The American Rescue Plan Act passed by Congress adds a $300 weekly federal bonus on top of state unemployment benefits through September 6.

“We need to get the workforce back to work,” Weeks said. “We need to encourage people to come out of unemployment. We have to bring people back there to build and craft things.

He said low interest rates on mortgages and other types of loans are helping fuel the construction boom.

Additionally, people who lost their jobs during the pandemic or started working from home decided to tackle home improvement projects, Weeks said.

“We have seen a dramatic increase in owner-occupier projects. People work from home. Homeowners are depleting a lot of inventory that homebuilders would use,” he said.

Weeks said supply shortages are forcing builders to line up to get the materials they need. They used to order windows 10 days before installation, but now they have to order two months in advance.

Weeks said he used to call a sawmill for a quote and get a plywood truck two weeks later. Now the factories say the plywood will arrive in late July or early August.

Electrician Chris Guches installs the electrical system in a house under construction in the Almeda fire area in Phoenix.

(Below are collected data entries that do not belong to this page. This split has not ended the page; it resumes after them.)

lemma prime_ideal_contains_var:
  assumes P: "is_prime_ideal (P :: ('n::finite, 'k::comm_ring_1) mpoly set)" and "monom t \<in> P"
  shows "\<exists>i\<in>keys t. monom (sqfree_exp {i}) \<in> P"
  using assms(2)
proof (induction "sum (lookup t) UNIV" arbitrary: t rule: less_induct)
  case less
  show ?case
  proof (cases "t = 0")
    case True
    then show ?thesis using less.prems P ideal_eq_UNIV_iff unfolding is_prime_ideal_def by auto
  next
    case False
    then obtain i where i: "i \<in> keys t" by fastforce
    define t' where "t' = t - sqfree_exp {i}"
    have "monom (sqfree_exp {i}) * monom t' \<in> P"
      using less.prems sqfree_exp_add_diff[of "{i}" t] i by (simp add: t'_def flip: monom_add)
    then consider "monom (sqfree_exp {i}) \<in> P" | "monom t' \<in> P"
      using P unfolding is_prime_ideal_def by blast
    then show ?thesis
    proof cases
      case 2
      have "sum (lookup t') UNIV < sum (lookup t) UNIV"
        using i by (intro sum_strict_mono_ex1)
          (auto simp: t'_def lookup_minus lookup_sqfree_exp in_keys_iff)
      moreover have "keys t' \<subseteq> keys t" by (auto simp: t'_def in_keys_iff lookup_minus)
      ultimately show ?thesis using less.hyps 2 by blast
    qed (use i in blast)
  qed
qed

He sees price increases and shortages of various electrical system materials.

A supplier recently limited an electrical wire purchase to 750 feet, Guches said.

“That’s just enough for a quarter of a house,” he said. “The work is not slowing down. It doubles and triples. The work is there ― the material is not there. It’s a scary situation because if you run out of materials, you run out of work.

He said people who are having their homes rebuilt often order certain materials themselves, such as light fixtures to suit their personal tastes. Some lights and ceiling fans are three or four months late. The electricians come back later to install the fixtures when they arrive.

Builders and homeowners are seeing shortages of certain styles of household items needed to complete a home, including ovens, mattresses and furniture.

“There are shortages. We have broken supply chains everywhere. One developer told me he couldn’t even get simple things like ovens and dishwashers right now,” Bennington said. .

Weeks said he’s worried high prices will hold back construction at a time when Jackson County has never needed more housing.

Jamie Lusch/Mail Tribune Jamie Lusch/Mail Tribune A house is under construction in the Almeda burn area in Phoenix, near Quail Lane. A truck burned in the fire has not yet been removed.

The area was already facing a housing shortage before the most destructive fires in Oregon’s history hit in 2020. Jackson County lost the majority of the more than 4,000 homes destroyed statewide .

“I’m afraid people will say, ‘I can’t afford to rebuild’ and leave the valley. It further drains the workforce,” Weeks said.